Two women in lab coats simulate oiled bird intake
Three tan tents set up in campground

About 10 environmental scientists from CDFW’s Office of Spill Prevention and Response (OSPR) participated in a large-scale oil spill drill along the Feather River on March 21. The drill was intended to help wildlife response teams prepare for a potential train derailment. OSPR has a long history of oil spill response in marine environments but recently expanded its scope statewide to include inland waters. This Feather River exercise was the first time a substantial wildlife response drill has been held inland, testing responders’ abilities to resolve many operational and technical issues presented by a river spill.

Whereas marine spills typically require rescue of seabirds and occasionally marine mammals, the kinds of animals potentially affected by inland spills are quite different and varied, potentially including raptors, songbirds, reptiles, amphibians, rodents, foxes, and other mammals. The need to capture and care for these species during an oil spill presents unique challenges for scientist responders. The goal is to have the necessary protocols in place and practiced.

The drill was put on by the California Oiled Wildlife Care Network (OWCN), an organization funded by OSPR and managed by the UC Davis School of Veterinary Medicine to provide best achievable care of oiled wildlife. The OWCN currently maintains a network of 40 wildlife rehabilitation organizations, trained and ready to respond to oil spills anywhere in the state. Sixteen of these organizations participated in Tuesday’s drill, including two local organizations, Shasta Wildlife Rescue and Rehabilitation and North Valley Animal Disaster Group.

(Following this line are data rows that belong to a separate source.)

lemma wtotal_pos: "0 < wtotal X w"
proof -
  obtain u where "u \<in> X" using vertices_nonempty by auto
  have "wtotal X w = (\<Sum>u\<in>X. wdeg X w u)" by (simp add: wtotal_def wdeg_def)
  also have "\<dots> > 0"
    using \<open>u \<in> X\<close> wdeg_pos by (intro sum_pos2[OF finite_vertices]) (auto intro: less_imp_le)
  finally show ?thesis .
qed

lemma stat_dist_pos: "u \<in> X \<Longrightarrow> 0 < \<pi> u"
  unfolding stat_dist_def using wdeg_pos wtotal_pos by simp

lemma sum_stat_dist: "(\<Sum>u\<in>X. \<pi> u) = 1"
  unfolding stat_dist_def using wtotal_pos
  by (simp add: sum_divide_distrib[symmetric] wtotal_def wdeg_def)

lemma stat_dist_stationary: "v \<in> X \<Longrightarrow> (\<Sum>u\<in>X. \<pi> u * P u v) = \<pi> v"
proof -
  assume v: "v \<in> X"
  have "(\<Sum>u\<in>X. \<pi> u * P u v) = (\<Sum>u\<in>X. w v u / wtotal X w)"
  proof (intro sum.cong refl)
    fix u assume u: "u \<in> X"
    then have "wdeg X w u \<noteq> 0" using wdeg_pos[of u] by simp
    then show "\<pi> u * P u v = w v u / wtotal X w"
      using weight_sym[OF u v] by (simp add: stat_dist_def trans_prob_def)
  qed
  also have "\<dots> = \<pi> v" by (simp add: stat_dist_def wdeg_def sum_divide_distrib)
  finally show ?thesis .
qed

lemma path_weight_nonneg: "u \<in> X \<Longrightarrow> set vs \<subseteq> X \<Longrightarrow> 0 \<le> path_weight X w u vs"
  by (induction vs arbitrary: u) (auto intro!: mult_nonneg_nonneg trans_prob_nonneg)

lemma path_prob_nonneg: "u \<in> X \<Longrightarrow> 0 \<le> path_prob X w u k E"
  unfolding path_prob_def by (intro sum_nonneg) (auto simp: paths_def intro: path_weight_nonneg)

lemma path_prob_True: "u \<in> X \<Longrightarrow> path_prob X w u k (\<lambda>_. True) = 1"
  by (induction k arbitrary: u) (simp_all add: path_prob_0 path_prob_Suc[OF finite_vertices] sum_trans_prob)

lemma path_prob_mono:
  assumes "u \<in> X" and "\<And>vs. vs \<in> paths X k \<Longrightarrow> E vs \<Longrightarrow> E' vs"
  shows "path_prob X w u k E \<le> path_prob X w u k E'"
  unfolding path_prob_def using assms
  by (intro sum_mono) (auto simp: paths_def intro: path_weight_nonneg)

lemma path_prob_disj_le:
  assumes "u \<in> X"
  shows "path_prob X w u k (\<lambda>vs. E vs \<or> E' vs) \<le> path_prob X w u k E + path_prob X w u k E'"
  unfolding path_prob_def sum.distrib[symmetric] using assms
  by (intro sum_mono) (auto simp: paths_def intro: path_weight_nonneg)

definition escape_prob :: "'a set \<Rightarrow> nat \<Rightarrow> 'a \<Rightarrow> real" where
  "escape_prob S k u = path_prob X w u k (\<lambda>vs. \<forall>x\<in>set vs. x \<notin> S)"

lemma escape_prob_0 [simp]: "escape_prob S 0 u = 1"
  by (simp add: escape_prob_def path_prob_0)

lemma escape_prob_Suc:
  "escape_prob S (Suc k) u = (\<Sum>v\<in>X. P u v * (if v \<in> S then 0 else escape_prob S k v))"
  unfolding escape_prob_def path_prob_Suc[OF finite_vertices]
  by (intro sum.cong refl) auto

lemma escape_prob_nonneg: "u \<in> X \<Longrightarrow> 0 \<le> escape_prob S k u"
  unfolding escape_prob_def by (rule path_prob_nonneg)

lemma escape_prob_Suc_le: "u \<in> X \<Longrightarrow> escape_prob S (Suc k) u \<le> escape_prob S k u"
proof (induction k arbitrary: u)
  case 0
  have "escape_prob S 1 u \<le> (\<Sum>v\<in>X. P u v)"
    unfolding One_nat_def escape_prob_Suc escape_prob_0
    by (intro sum_mono) (auto intro: trans_prob_nonneg 0)
  then show ?case using sum_trans_prob[OF 0] by simp
next
  case (Suc k)
  have "escape_prob S (Suc (Suc k)) u
      = (\<Sum>v\<in>X. P u v * (if v \<in> S then 0 else escape_prob S (Suc k) v))"
    by (rule escape_prob_Suc)
  also have "\<dots> \<le> (\<Sum>v\<in>X. P u v * (if v \<in> S then 0 else escape_prob S k v))"
    by (intro sum_mono mult_left_mono) (auto intro: trans_prob_nonneg Suc)
  also have "\<dots> = escape_prob S (Suc k) u"
    by (rule escape_prob_Suc[symmetric])
  finally show ?case .
qed

lemma escape_prob_antimono:
  assumes "u \<in> X" and "k \<le> n"
  shows "escape_prob S n u \<le> escape_prob S k u"
  using assms(2) by (induction n rule: dec_induct) (auto intro: order_trans escape_prob_Suc_le assms(1))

In addition to practicing wildlife response activities, the drill provided the opportunity to test a new Geographic Response Plan (GRP) for the Feather River. GRPs identify the location and nature of resources at risk in the event of a spill, and outline appropriate tactical response strategies to minimize oiling and other injury. During a real spill, OSPR environmental scientists serve as subject-matter experts who help ensure that the GRP is implemented appropriately. A simulated situation like this one gives them a valuable opportunity to conduct a realistic ‘dry run,’ as well as to analyze elements of the GRP and make adjustments as necessary.